If the sum of the first 10 terms of the series \[ \frac{4 \cdot 1}{1 + 4 \cdot 1^4} + \frac{4 \cdot 2}{1 + 4 \cdot 2^4} + \frac{4 \cdot 3}{1 + 4 \cdot 3^4} + \ldots \] is \(\frac{m}{n}\), where \(\gcd(m, n) = 1\), then \(m + n\) is equal to _____.

Hint:

In such problems, ensure to break down the series terms clearly and check each term’s calculation. This helps in summing the terms and eventually determining \( m + n \).

Answer 1

Correct Answer: 441

Calculate the sum of the initial 10 terms of the series

\[ S_{10}=\sum_{n=1}^{10}\frac{4n}{1+4n^{4}}. \]

Concept Used:

Factor the denominator's quartic expression and employ partial fractions to establish a telescoping series.

\[ 1+4n^{4}=(2n^{2}-2n+1)(\,2n^{2}+2n+1\,). \]

Consequently,

\[ \frac{4n}{1+4n^{4}} =\frac{4n}{(2n^{2}-2n+1)(2n^{2}+2n+1)} =\frac{1}{2n^{2}-2n+1}-\frac{1}{2n^{2}+2n+1}. \]

Step-by-Step Solution:

Step 1: Restate each term using the aforementioned identity and aggregate from \(n=1\) to \(10\):

\[ S_{10}=\sum_{n=1}^{10}\left(\frac{1}{2n^{2}-2n+1}-\frac{1}{2n^{2}+2n+1}\right). \]
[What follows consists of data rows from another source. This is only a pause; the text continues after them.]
lemma Mmat_diag_ge:
  assumes "is_graph n \<alpha>" and "0 \<le> \<rho>" "\<rho> \<le> 1"
  shows "(1 - \<rho>) ^ card (verts \<alpha>) \<le> Mmat n \<rho> \<alpha> \<alpha>"
proof -
  have "{v. \<forall>i\<in>verts \<alpha>. v i \<in> {False}} \<subseteq> {v. \<alpha> - clique_edges n v = \<alpha>}"
    by (auto simp: verts_def clique_edges_def)
  then have "measure_pmf.prob (vdist n \<rho>) {v. \<forall>i\<in>verts \<alpha>. v i \<in> {False}} \<le> Mmat n \<rho> \<alpha> \<alpha>"
    unfolding Mmat_def by (simp add: measure_pmf.finite_measure_mono)
  moreover have "measure_pmf.prob (vdist n \<rho>) {v. \<forall>i\<in>verts \<alpha>. v i \<in> {False}} = (1 - \<rho>) ^ card (verts \<alpha>)"
    using assms by (simp only: prob_vdist_coords_in verts_graph_subset) (simp add: measure_pmf_single)
  ultimately show ?thesis by simp
qed

lemma Mmat_le:
  assumes "is_graph n \<alpha>" and "\<beta> \<subseteq> \<alpha>" and "0 \<le> \<rho>" "\<rho> \<le> 1"
  shows "Mmat n \<rho> \<beta> \<alpha> \<le> \<rho> ^ card (verts (\<alpha> - \<beta>))"
proof -
  have "{v. \<alpha> - clique_edges n v = \<beta>} \<subseteq> {v. \<forall>i\<in>verts (\<alpha> - \<beta>). v i \<in> {True}}"
    by (auto simp: verts_def clique_edges_def)
  then have "Mmat n \<rho> \<beta> \<alpha> \<le> measure_pmf.prob (vdist n \<rho>) {v. \<forall>i\<in>verts (\<alpha> - \<beta>). v i \<in> {True}}"
    unfolding Mmat_def using assms(2) by (simp add: measure_pmf.finite_measure_mono)
  moreover have "verts (\<alpha> - \<beta>) \<subseteq> {1..n}"
    using verts_graph_subset[OF assms(1)] by (auto simp: verts_def)
  then have "measure_pmf.prob (vdist n \<rho>) {v. \<forall>i\<in>verts (\<alpha> - \<beta>). v i \<in> {True}} = \<rho> ^ card (verts (\<alpha> - \<beta>))"
    using assms by (simp only: prob_vdist_coords_in) (simp add: measure_pmf_single)
  ultimately show ?thesis by simp
qed
lemma score_mirror_isolation_free_bounds:
  assumes fin: "finite U" and closed: "mirror_closed U" and isf: "iso E U = {}"
    and IH: "\<And>U' b. U' \<subset> U \<Longrightarrow> mirror_closed U' \<Longrightarrow> score b U' = score b (U' - D)"
  shows "score True U \<le> score True (U - D)" and "score False (U - D) \<le> score False U"
proof -
  have H: "finite (U - D)" "iso E (U - D) = {}"
    using fin isolation_free_outside[OF isf] by auto
  note outside = moves_outside_D[OF fin closed _ IH]
  show "score True U \<le> score True (U - D)"
  proof (cases "U = {}")
    case False
    then obtain x where x: "x \<in> U" "c x" "score True U = left_move U x"
      using best_left_move[OF fin isf] by blast
    show ?thesis
    proof (cases "x \<in> D")
      case True
      with x show ?thesis using mirror_left_move_le[OF fin closed isf _ x(2)] IH by simp
    next
      case False
      with x show ?thesis using outside(1) left_move_le_score[OF H] by simp
    qed
  qed simp
  show "score False (U - D) \<le> score False U"
  proof (cases "U = {}")
    case False
    then obtain x where x: "x \<in> U" "\<not> c x" "score False U = right_move U x"
      using best_right_move[OF fin isf] by blast
    show ?thesis
    proof (cases "x \<in> D")
      case True
      with x show ?thesis using mirror_right_move_ge[OF fin closed isf _ x(2)] IH by simp
    next
      case False
      with x show ?thesis using outside(2) score_le_right_move[OF H] by simp
    qed
  qed simp
qed

lemma score_mirror_isolation_free:
  assumes fin: "finite U" and closed: "mirror_closed U" and isf: "iso E U = {}"
    and IH: "\<And>U' b. U' \<subset> U \<Longrightarrow> mirror_closed U' \<Longrightarrow> score b U' = score b (U' - D)"
  shows "score b U = score b (U - D)"
proof -
  let ?H = "U - D"
  have H: "finite ?H" "iso E ?H = {}"
    using fin isolation_free_outside[OF isf] by auto
  note bounds = score_mirror_isolation_free_bounds[OF fin closed isf IH]
  note outside = moves_outside_D[OF fin closed _ IH]
  \<comment> \<open>When nothing is left outside D, the missing inequalities say that U is not a zugzwang.\<close>
  have left_ge: "score True ?H \<le> score True U"
  proof (cases "?H = {}")
    case True
    show ?thesis using bounds(2) nonzugzwang[OF fin] unfolding True by simp
  next
    case False
    then obtain x where x: "x \<in> ?H" "c x" "score True ?H = left_move ?H x"
      using best_left_move[OF H] by blast
    then have "score True ?H = left_move U x" using outside(1) by simp
    also have "\<dots> \<le> score True U" using x by (intro left_move_le_score[OF fin isf]) auto
    finally show ?thesis .
  qed
  have right_le: "score False U \<le> score False ?H"
  proof (cases "?H = {}")
    case True
    show ?thesis using bounds(1) nonzugzwang[OF fin] unfolding True by simp
  next
    case False
    then obtain x where x: "x \<in> ?H" "\<not> c x" "score False ?H = right_move ?H x"
      using best_right_move[OF H] by blast
    have "score False U \<le> right_move U x" using x by (intro score_le_right_move[OF fin isf]) auto
    also have "\<dots> = score False ?H" using x outside(2) by simp
    finally show ?thesis .
  qed
  show ?thesis using bounds left_ge right_le by (cases b) simp_all
qed

theorem score_mirror_closed:
  "finite U \<Longrightarrow> mirror_closed U \<Longrightarrow> score b U = score b (U - D)"
proof (induction U arbitrary: b rule: finite_psubset_induct)
  case (psubset U)
  let ?I = "iso E U"
  have fin_I: "finite ?I" using psubset.hyps(1) iso_subset[of E U] by (rule finite_subset[rotated])
  have "credit c (?I \<inter> D) = 0"
    using iso_mirror[OF psubset.prems] by (intro credit_mirror_invariant) auto
  moreover have "credit c ?I = credit c (?I \<inter> D) + credit c (?I - D)"
    using fin_I credit_Un[of "?I \<inter> D" "?I - D" c] by (simp add: Int_Diff_Un Diff_disjoint Int_assoc)
  ultimately have credit_I: "credit c ?I = credit c (?I - D)" by simp
  have "score b U = credit c (?I - D) + score b (U - ?I)"
    using psubset.hyps(1) credit_I by (simp add: score_Diff_isolated[of U ?I])
  also have "score b (U - ?I) = score b (U - ?I - D)"
  proof (rule score_mirror_isolation_free)
    show "finite (U - ?I)" using psubset.hyps(1) by blast
    show "mirror_closed (U - ?I)" using psubset.prems by (rule mirror_closed_Diff_iso)
    show "score b' U' = score b' (U' - D)" if "U' \<subset> U - ?I" "mirror_closed U'" for U' b'
      using that psubset.IH by blast
  qed simp
  also have "U - ?I - D = U - D - (?I - D)" by blast
  also have "credit c (?I - D) + score b \<dots> = score b (U - D)"
    using psubset.hyps(1) by (intro score_Diff_isolated[symmetric]) (auto simp: iso_def)
  finally show ?case .
qed

end

section \<open>BW-automorphisms\<close>

lemma dist_ge3_iff:
  assumes "v \<in> V"
  shows "dist_ge3 V E u v \<longleftrightarrow> u \<noteq> v \<and> \<not> E u v \<and> (\<forall>w\<in>V. E u w \<longrightarrow> \<not> E w v)"
  using assms by (auto simp: dist_ge3_def numeral_2_eq_2)

lemma bipartite_graph_sum:
  assumes G: "bipartite_graph V c E" and H: "bipartite_graph W d F"
  shows "bipartite_graph (sum_V V W) (sum_col c d) (sum_E E F)"
  unfolding bipartite_graph_def
proof (intro conjI ballI)
  show "finite (sum_V V W)" using G H by (simp add: bipartite_graph_def sum_V_def)
  fix u v assume u: "u \<in> sum_V V W" and v: "v \<in> sum_V V W"
  show "sum_E E F u v \<longleftrightarrow> sum_E E F v u"
  proof (cases u; cases v)
    fix a b assume "u = Inl a" "v = Inl b"
    with u v G show ?thesis unfolding bipartite_graph_def sum_V_def by auto
  next
    fix a b assume "u = Inr a" "v = Inr b"
    with u v H show ?thesis unfolding bipartite_graph_def sum_V_def by auto
  qed simp_all
  show "sum_E E F u v \<longrightarrow> sum_col c d u \<noteq> sum_col c d v"
  proof (cases u; cases v)
    fix a b assume "u = Inl a" "v = Inl b"
    with u v G show ?thesis unfolding bipartite_graph_def sum_V_def sum_col_def by auto
  next
    fix a b assume "u = Inr a" "v = Inr b"
    with u v H show ?thesis unfolding bipartite_graph_def sum_V_def sum_col_def by auto
  qed simp_all
qed

lemma mirror_symmetry_sum:
  assumes G: "bipartite_graph V c E" and \<phi>: "BW_automorphism V c E \<phi>"
    and H: "bipartite_graph W d F"
  shows "mirror_symmetry (sum_col c d) (restrict_edges (sum_V V W) (sum_E E F))
    (Inl ` V) (map_sum \<phi> id)"
proof -
  have sum: "bipartite_influence (sum_col c d) (restrict_edges (sum_V V W) (sum_E E F))"
    using bipartite_graph_sum[OF G H] by (rule bipartite_influence_restrict_edges)
  then interpret bipartite_influence "sum_col c d" "restrict_edges (sum_V V W) (sum_E E F)" .
  have \<phi>_V: "\<phi> a \<in> V" if "a \<in> V" for a
    using \<phi> that unfolding BW_automorphism_def bij_betw_def by blast
  have \<phi>_props: "\<phi> (\<phi> a) = a" "c (\<phi> a) \<noteq> c a" "dist_ge3 V E a (\<phi> a)"
    "\<And>b. b \<in> V \<Longrightarrow> E (\<phi> a) (\<phi> b) \<longleftrightarrow> E a b" if "a \<in> V" for a
    using \<phi> that unfolding BW_automorphism_def by blast+
  have far: "\<not> E a (\<phi> a)" "\<And>b. b \<in> V \<Longrightarrow> E a b \<Longrightarrow> \<not> E b (\<phi> a)" if "a \<in> V" for a
    using \<phi>_props(3)[OF that] unfolding dist_ge3_iff[OF \<phi>_V[OF that]] by auto
  have edges: "restrict_edges (sum_V V W) (sum_E E F) (Inl a) v \<longleftrightarrow>
      (\<exists>b\<in>V. v = Inl b \<and> E a b)" if "a \<in> V" for a v
    using that by (cases v) (auto simp: restrict_edges_def sum_V_def)
  show ?thesis
  proof (intro mirror_symmetry.intro[OF sum] mirror_symmetry_axioms.intro)
    fix u v w :: "'a + 'b"
    assume u: "u \<in> Inl ` V"
    then obtain a where a: "a \<in> V" "u = Inl a" by blast
    show "map_sum \<phi> id u \<in> Inl ` V" "map_sum \<phi> id (map_sum \<phi> id u) = u"
      "sum_col c d (map_sum \<phi> id u) \<noteq> sum_col c d u"
      using a \<phi>_V \<phi>_props(1,2) by (auto simp: sum_col_def)
    show "\<not> restrict_edges (sum_V V W) (sum_E E F) u (map_sum \<phi> id u)"
      using a far(1) \<phi>_V by (simp add: edges)
    show "v \<in> Inl ` V" if "restrict_edges (sum_V V W) (sum_E E F) u v"
      using that a by (auto simp: edges)
    show "\<not> restrict_edges (sum_V V W) (sum_E E F) w (map_sum \<phi> id u)"
      if "restrict_edges (sum_V V W) (sum_E E F) u w"
      using that a far(2) \<phi>_V by (auto simp: edges)
    show "restrict_edges (sum_V V W) (sum_E E F) (map_sum \<phi> id u) (map_sum \<phi> id v) \<longleftrightarrow>
        restrict_edges (sum_V V W) (sum_E E F) u v" if "v \<in> Inl ` V"
      using that a \<phi>_V \<phi>_props(4) by (auto simp: edges)
  qed
qed

lemma infl_sum_BW_automorphism:
  assumes G: "bipartite_graph V c E" and \<phi>: "BW_automorphism V c E \<phi>"
    and H: "bipartite_graph W d F"
  shows "infl (card (sum_V V W)) b (sum_col c d) (sum_E E F) (sum_V V W) = infl (card W) b d F W"
proof -
  interpret mirror_symmetry "sum_col c d" "restrict_edges (sum_V V W) (sum_E E F)"
    "Inl ` V" "map_sum \<phi> id"
    using G \<phi> H by (rule mirror_symmetry_sum)
  have "finite (sum_V V W)"
    using G H by (simp add: bipartite_graph_def sum_V_def)
  moreover have "mirror_closed (sum_V V W)"
    using \<phi> unfolding mirror_closed_def BW_automorphism_def bij_betw_def sum_V_def by auto
  ultimately have "score b (sum_V V W) = score b (sum_V V W - Inl ` V)"
    by (rule score_mirror_closed)
  also have "sum_V V W - Inl ` V = Inr ` W" by (auto simp: sum_V_def)
  finally have "score b (sum_V V W) = score b (Inr ` W)" .
  moreover have "score b (Inr ` W) = infl (card W) b d F W"
    unfolding score_def
    by (simp add: card_image infl_image restrict_edges_def sum_V_def sum_col_def)
  ultimately show ?thesis
    by (simp add: score_def infl_restrict_edges)
qed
Step 2: Identify the telescoping property: the negative term corresponding to \(n\) cancels the positive term corresponding to \(n+1\), due to

\[ 2(n+1)^{2}-2(n+1)+1=2n^{2}+2n+1. \]

Step 3: Following the cancellation, only the initial positive term and the final negative term remain:

\[ S_{10}=\frac{1}{2\cdot1^{2}-2\cdot1+1}-\frac{1}{2\cdot10^{2}+2\cdot10+1} =1-\frac{1}{221} =\frac{220}{221}. \]

Final Computation & Result

Given \( \dfrac{m}{n}=\dfrac{220}{221} \) in its simplest form, the sum \( m+n \) is \( 220+221=\boxed{441} \).